At the time a potential environmental issue is identified, initial accruals for environmental liability are established when such liability is probable and a reasonable estimate of the associated costs can be made. Costs are estimated based on the type and level of investigation and/or remediation activities that the Company’s internal environmental staff (and where appropriate, independent consultants) have determined to be necessary to comply with applicable laws and regulations. Activities include surveys and environmental studies of potentially contaminated sites as well as costs for remediation and restoration of sites determined to be contaminated. In addition, GATX has provided indemnities for potential environmental liabilities to buyers of divested companies. In these instances, accruals are based on the scope and duration of the respective indemnities together with the extent of known contamination. Estimates are periodically reviewed and adjusted as required to reflect additional information about facility or site characteristics or changes in regulatory requirements. GATX conducts a quarterly environmental contingency analysis, which considers a combination of factors including independent consulting reports, site visits, legal reviews, analysis of the likelihood of participation in and the ability of other PRPs to pay for cleanup, and historical trend analyses. GATX does not believe that a liability exists for known environmental risks beyond what has been provided for in its environmental accrual.

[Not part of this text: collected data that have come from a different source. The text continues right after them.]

text \<open>Write \<open>X = \<mu> t + \<sigma> g\<close> with \<open>g = (G t\<^sub>1, ..., G t\<^sub>n)\<close> and \<open>W = V\<^sup>-\<^sup>1\<close>. The estimator is
  \<open>\<sigma>\<^sup>2/n\<close> times the generalised least-squares residual \<open>g'Wg - (t'Wg)\<^sup>2 / t'Wt\<close>, since that
  residual ignores the drift \<open>\<mu> t\<close> and is homogeneous of degree 2. The residual is
  \<open>\<chi>\<^sup>2\<close>-distributed with \<open>n - 1\<close> degrees of freedom; only its first two moments \<open>n - 1\<close> and
  \<open>n\<^sup>2 - 1\<close> are needed. They are computed by expanding it in the \<open>g\<^sub>i\<close> and the dual variables
  \<open>(Wg)\<^sub>k\<close>, which satisfy \<open>cov(g\<^sub>i, (Wg)\<^sub>k) = \<delta>\<^sub>i\<^sub>k\<close>, and evaluating fourth moments by
  Isserlis' theorem, obtained by polarising \<open>E Y\<^sup>4 = 3 (E Y\<^sup>2)\<^sup>2\<close>. Hence
  \<open>E \<sigma>\<^sub>n\<^sup>2 = \<sigma>\<^sup>2 (n - 1)/n\<close> and \<open>E (\<sigma>\<^sub>n\<^sup>2 - \<sigma>\<^sup>2)\<^sup>2 = \<sigma>\<^sup>4 (2n - 1)/n\<^sup>2\<close>.\<close>

lemma centered_gaussian_rv_moments:
  assumes "prob_space M" and Y: "centered_gaussian_rv M Y"
  shows "integrable M (\<lambda>\<omega>. Y \<omega> ^ 2)" and "integrable M (\<lambda>\<omega>. Y \<omega> ^ 4)"
    and "prob_space.expectation M (\<lambda>\<omega>. Y \<omega> ^ 4) = 3 * (prob_space.expectation M (\<lambda>\<omega>. Y \<omega> ^ 2))\<^sup>2"
proof -
  interpret prob_space M by fact
  consider "AE \<omega> in M. Y \<omega> = 0" | s where "s > 0" "distributed M lborel Y (normal_density 0 s)"
    using Y unfolding centered_gaussian_rv_def by blast
  then have "integrable M (\<lambda>\<omega>. Y \<omega> ^ 2) \<and> integrable M (\<lambda>\<omega>. Y \<omega> ^ 4) \<and>
    expectation (\<lambda>\<omega>. Y \<omega> ^ 4) = 3 * (expectation (\<lambda>\<omega>. Y \<omega> ^ 2))\<^sup>2"
  proof cases
    case 1
    have Y_meas: "Y \<in> borel_measurable M" using Y unfolding centered_gaussian_rv_def by simp
    have "AE \<omega> in M. Y \<omega> ^ k = 0" if "k > 0" for k :: nat using 1 that by auto
    then have "integrable M (\<lambda>\<omega>. Y \<omega> ^ k) \<and> expectation (\<lambda>\<omega>. Y \<omega> ^ k) = 0" if "k > 0" for k
      using that integrable_cong_AE[of "\<lambda>\<omega>. Y \<omega> ^ k" M "\<lambda>_. 0"] integral_cong_AE[of "\<lambda>\<omega>. Y \<omega> ^ k" M "\<lambda>_. 0"]
      using Y_meas by auto
    from this[of 2] this[of 4] show ?thesis by simp
  next
    case 2
    have "integrable M (\<lambda>\<omega>. Y \<omega> ^ k)" for k
      using distributed_integrable[OF 2(2), of "\<lambda>x. x ^ k"] integrable_normal_moment[OF 2(1), of 0 k] by simp
    moreover have "expectation (\<lambda>\<omega>. Y \<omega> ^ (2 * k)) = fact (2 * k) / ((2 / s\<^sup>2) ^ k * fact k)" for k
      using distributed_integral[OF 2(2), of "\<lambda>x. x ^ (2 * k)"] integral_normal_moment_even[OF 2(1), of 0 k]
      by simp
    from this[of 1] this[of 2] have "expectation (\<lambda>\<omega>. Y \<omega> ^ 2) = s\<^sup>2" "expectation (\<lambda>\<omega>. Y \<omega> ^ 4) = 3 * s ^ 4"
      using 2(1) by (simp_all add: field_simps fact_numeral power2_eq_square power4_eq_xxxx)
    moreover have "s ^ 4 = (s\<^sup>2)\<^sup>2" by simp
    ultimately show ?thesis by metis
  qed
  then show "integrable M (\<lambda>\<omega>. Y \<omega> ^ 2)" and "integrable M (\<lambda>\<omega>. Y \<omega> ^ 4)"
    and "expectation (\<lambda>\<omega>. Y \<omega> ^ 4) = 3 * (expectation (\<lambda>\<omega>. Y \<omega> ^ 2))\<^sup>2" by simp_all
qed

locale centered_gaussian_space = prob_space M for M :: "'a measure" +
  fixes F :: "('a \<Rightarrow> real) set"
  assumes gaussian: "Y \<in> F \<Longrightarrow> centered_gaussian_rv M Y"
    and add_closed: "Y \<in> F \<Longrightarrow> Z \<in> F \<Longrightarrow> (\<lambda>\<omega>. Y \<omega> + Z \<omega>) \<in> F"
    and scale_closed: "Y \<in> F \<Longrightarrow> (\<lambda>\<omega>. a * Y \<omega>) \<in> F"
begin

abbreviation cov :: "('a \<Rightarrow> real) \<Rightarrow> ('a \<Rightarrow> real) \<Rightarrow> real" where
  "cov Y Z \<equiv> expectation (\<lambda>\<omega>. Y \<omega> * Z \<omega>)"

lemma cov_commute: "cov Y Z = cov Z Y"
  by (simp add: mult.commute)

lemma lincomb_closed: "Y \<in> F \<Longrightarrow> Z \<in> F \<Longrightarrow> (\<lambda>\<omega>. Y \<omega> + s * Z \<omega>) \<in> F"
  using add_closed scale_closed by blast

lemma integrable_mult:
  assumes "Y \<in> F" "Z \<in> F"
  shows "integrable M (\<lambda>\<omega>. Y \<omega> * Z \<omega>)"
proof -
  have "(\<lambda>\<omega>. Y \<omega> * Z \<omega>) = (\<lambda>\<omega>. ((Y \<omega> + Z \<omega>) ^ 2 - Y \<omega> ^ 2 - Z \<omega> ^ 2) / 2)"
    by (simp add: power2_eq_square algebra_simps)
  then show ?thesis
    using centered_gaussian_rv_moments(1)[OF prob_space_axioms gaussian] assms add_closed by simp
qed

lemma cov_lincomb_left:
  assumes "Y \<in> F" "Z \<in> F" "U \<in> F"
  shows "cov (\<lambda>\<omega>. Y \<omega> + s * Z \<omega>) U = cov Y U + s * cov Z U"
proof -
  have "(\<lambda>\<omega>. (Y \<omega> + s * Z \<omega>) * U \<omega>) = (\<lambda>\<omega>. Y \<omega> * U \<omega> + s * (Z \<omega> * U \<omega>))"
    by (simp add: algebra_simps)
  then show ?thesis using integrable_mult assms by simp
qed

GATX is involved in administrative and judicial proceedings and other voluntary and mandatory cleanup efforts at 17 sites, including the Superfund sites, at which it is contributing to the cost of performing the study or cleanup, or both, of alleged environmental contamination. As of December 31, 2011, GATX has recorded accruals of $16.7 million for remediation and restoration costs that the Company believes to be probable and for which the amount of loss can be reasonably estimated. These amounts are included in other liabilities on GATX’s balance sheet. GATX’s environmental liabilities are not discounted.

The Company did not materially change its methodology for identifying and calculating environmental liabilities in the three years presented. Currently, no known trends, demands, commitments, events or uncertainties exist that are reasonably likely to occur and materially affect the methodology or assumptions described above.

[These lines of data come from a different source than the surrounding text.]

(* Let $X_1,X_2$ be Polish spaces, $\mu_1\in\mathcal P(X_1)$, $\mu_2\in\mathcal P^n(X_2)$ for some $n\in\mathbb N$, and $\pi\in\Pi(\mu_1,\mu_2)$. Then for $1<q\le 2$, $$D_q(\pi,\mu_1\otimes\mu_2)\le\phi_q(n)=\frac{n^{q-1}-1}{q-1}.$$
   Context: $\mathcal P^n(X)$ denotes the set of probability measures on $X$ supported on at most $n$ points; $\Pi(\mu_1,\mu_2)$ the set of couplings. The Tsallis relative entropy is $D_q(\mu,\nu)=\frac{1}{q-1}\int\big[(\frac{d\mu}{d\nu})^q-\frac{d\mu}{d\nu}\big]\,d\nu$ if $\mu\ll\nu$ and $q>1$, $+\infty$ otherwise; $\phi_q(x)=\frac{x^{q-1}-1}{q-1}$ for $q>1$. *)

theory Defs
  imports "HOL-Probability.Probability"
begin

definition phi_q :: "real \<Rightarrow> real \<Rightarrow> real" where
  "phi_q q x = (x powr (q - 1) - 1) / (q - 1)"

text \<open>Tsallis relative entropy D_q(mu, nu) for q > 1, valued in the extended reals.
  If mu << nu (on the same sigma-algebra) with density f = d mu / d nu, it is
  (1/(q-1)) * integral of (f^q - f) d nu; the integrand is bounded below by -1, so for a
  finite nu a non-integrable integrand has integral +infinity.\<close>
definition tsallis_div :: "real \<Rightarrow> 'a measure \<Rightarrow> 'a measure \<Rightarrow> ereal" where
  "tsallis_div q \<mu> \<nu> =
     (if q > 1 \<and> sets \<mu> = sets \<nu> \<and> absolutely_continuous \<nu> \<mu> then
        (let f = (\<lambda>x. enn2real (RN_deriv \<nu> \<mu> x)) in
          if integrable \<nu> (\<lambda>x. f x powr q - f x)
          then ereal ((\<integral>x. (f x powr q - f x) \<partial>\<nu>) / (q - 1))
          else \<infinity>)
      else \<infinity>)"

definition supported_on_at_most :: "nat \<Rightarrow> 'a measure \<Rightarrow> bool" where
  "supported_on_at_most n \<mu> \<longleftrightarrow>
     (\<exists>S. finite S \<and> card S \<le> n \<and> S \<in> sets \<mu> \<and> emeasure \<mu> (space \<mu> - S) = 0)"

definition coupling :: "('a \<times> 'b) measure \<Rightarrow> 'a measure \<Rightarrow> 'b measure \<Rightarrow> bool" where
  "coupling \<pi> \<mu>1 \<mu>2 \<longleftrightarrow>
     prob_space \<pi> \<and> sets \<pi> = sets (\<mu>1 \<Otimes>\<^sub>M \<mu>2) \<and>
     distr \<pi> \<mu>1 fst = \<mu>1 \<and> distr \<pi> \<mu>2 snd = \<mu>2"

end

theory Submission
  imports Defs
begin

(* Let nu = mu1 x mu2 and let A be the finite set of atoms of mu2.  Every measurable E splits
  into its slices E_s = {x. (x, s) \<in> E}, s \<in> A, up to a pi-null set, and the first marginal
  of pi is mu1, so pi(E) \<le> sum of mu1(E_s) over s \<in> A, which is the integral over E of
  1/mu2{y} with respect to nu.  Hence pi << nu with a density f(x, y) \<le> 1/mu2{y}, and then
  integral f^q dnu \<le> integral f(x, y) mu2{y}^(1-q) dnu = integral mu2{y}^(1-q) dmu2
  = sum of mu2{s}^(2-q) over s \<in> A, using that the second marginal of pi is mu2.  By
  concavity of t^(2-q) this sum is at most |A|^(q-1) \<le> n^(q-1); since integral f dnu = 1,
  the bound on D_q follows. *)

lemma sum_powr_le_card_powr:
  fixes p :: "'a \<Rightarrow> real"
  assumes "finite T" and p_nonneg: "\<And>s. s \<in> T \<Longrightarrow> 0 \<le> p s" and "sum p T = 1"
    and "0 \<le> a" "a \<le> 1"
  shows "(\<Sum>s\<in>T. p s powr a) \<le> real (card T) powr (1 - a)"
proof -
  define m where "m = real (card T)"
  have "m > 0"
    using assms(1,3) by (auto simp: m_def card_gt_0_iff)
  have young: "(m * p s) powr a \<le> a * (m * p s) + (1 - a)" if "s \<in> T" for s
  proof (cases "p s = 0")
    case False
    then show ?thesis
      using Youngs_inequality_0[of a "1 - a" "m * p s" 1] \<open>m > 0\<close> p_nonneg[OF that] assms(4,5)
      by simp
  qed (use assms(5) in simp)
  have "m powr a * (\<Sum>s\<in>T. p s powr a) = (\<Sum>s\<in>T. (m * p s) powr a)"
    using \<open>m > 0\<close> p_nonneg by (simp add: powr_mult sum_distrib_left)
  also have "\<dots> \<le> (\<Sum>s\<in>T. a * (m * p s) + (1 - a))"
    by (intro sum_mono young)
  also have "\<dots> = a * m * sum p T + m * (1 - a)"
    by (simp add: sum.distrib sum_distrib_left m_def mult.assoc)
  also have "\<dots> = m"
    using assms(3) by (simp add: algebra_simps)
  also have "\<dots> = m powr a * m powr (1 - a)"
    using \<open>m > 0\<close> by (simp add: powr_add[symmetric])
  finally show ?thesis
    using \<open>m > 0\<close> by (simp add: m_def)
qed

lemma sum_mult_indicator_singleton:
  fixes f :: "'a \<Rightarrow> 'b::semiring_1"
  assumes "finite A"
  shows "(\<Sum>s\<in>A. f s * indicator {s} y) = (if y \<in> A then f y else 0)"
  using assms by (simp add: indicator_def of_bool_def if_distrib sum.delta' cong: if_cong)

lemma measure_singleton_eq_0_if_AE_notin:
  assumes "AE y in M. y \<in> A" "{y} \<in> sets M" "y \<notin> A"
  shows "measure M {y} = 0"
proof -
  have "AE x in M. x \<notin> {y}"
    using assms(1) by eventually_elim (use assms(3) in auto)
  then show ?thesis
    using AE_iff_null_sets[OF assms(2)] by (simp add: measure_def null_sets_def)
qed

lemma AE_in_positive_atoms:
  assumes "finite_measure M" "finite S" "AE y in M. y \<in> S" "\<And>y. {y} \<in> sets M"
  shows "AE y in M. y \<in> {s \<in> S. 0 < measure M {s}}"
proof -
  let ?N = "{s \<in> S. measure M {s} = 0}"
  have "finite ?N"
    using assms(2) by simp
  then have N_sets: "?N \<in> sets M"
    by (intro sets.countable[OF assms(4)] countable_finite)
  have "emeasure M ?N = (\<Sum>s\<in>?N. emeasure M {s})"
    using \<open>finite ?N\<close> assms(4) by (intro emeasure_eq_sum_singleton) simp_all
  also have "\<dots> = 0"
    using assms(1) by (simp add: finite_measure.emeasure_eq_measure)
  finally have "AE y in M. y \<notin> ?N"
    using N_sets by (intro AE_not_in) (simp add: null_sets_def)
  with assms(3) show ?thesis
    by eventually_elim (simp add: zero_less_measure_iff)
qed

lemma (in prob_space) obtain_atoms_if_supported_on_at_most:
  assumes "supported_on_at_most n M" "\<And>y. {y} \<in> events"
  obtains A where "finite A" "card A \<le> n" "AE y in M. y \<in> A" "\<And>s. s \<in> A \<Longrightarrow> 0 < prob {s}"
proof -
  obtain S where S: "finite S" "card S \<le> n" "S \<in> events" "emeasure M (space M - S) = 0"
    using assms(1) unfolding supported_on_at_most_def by blast
  then have "AE y in M. y \<in> S"
    by (subst AE_iff_measurable[of "space M - S"]) auto
  then have "AE y in M. y \<in> {s \<in> S. 0 < prob {s}}"
    using AE_in_positive_atoms[OF finite_measure_axioms S(1) _ assms(2)] by blast
  moreover have "card {s \<in> S. 0 < prob {s}} \<le> n"
    using card_mono[OF S(1), of "{s \<in> S. 0 < prob {s}}"] S(2) by auto
  ultimately show ?thesis
    using S(1) by (intro that[of "{s \<in> S. 0 < prob {s}}"]) simp_all
qed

Recorded accruals include GATX’s best estimate of all costs for remediation and restoration of affected sites, without reduction for anticipated recoveries from third parties, and include both asserted and unasserted claims. However, GATX’s cleanup costs at these sites cannot be predicted with certainty due to various factors such as the extent of corrective actions that may be required; evolving environmental laws and regulations; advances in environmental technology, the extent of other parties’ participation in cleanup efforts; developments in periodic environmental analyses related to sites determined to be contaminated, and developments in environmental surveys and studies of potentially contaminated sites. As a result, future charges for environmental liabilities could have a significant effect on results of operations in a particular quarter or year if new sites arise or as individual site studies and remediation and restoration efforts proceed and the costs materially exceed the accrued amount. However, management believes it is unlikely that the ultimate costs to GATX for any of its identified matters, either individually or in the aggregate, will have a material adverse effect on its financial position or liquidity.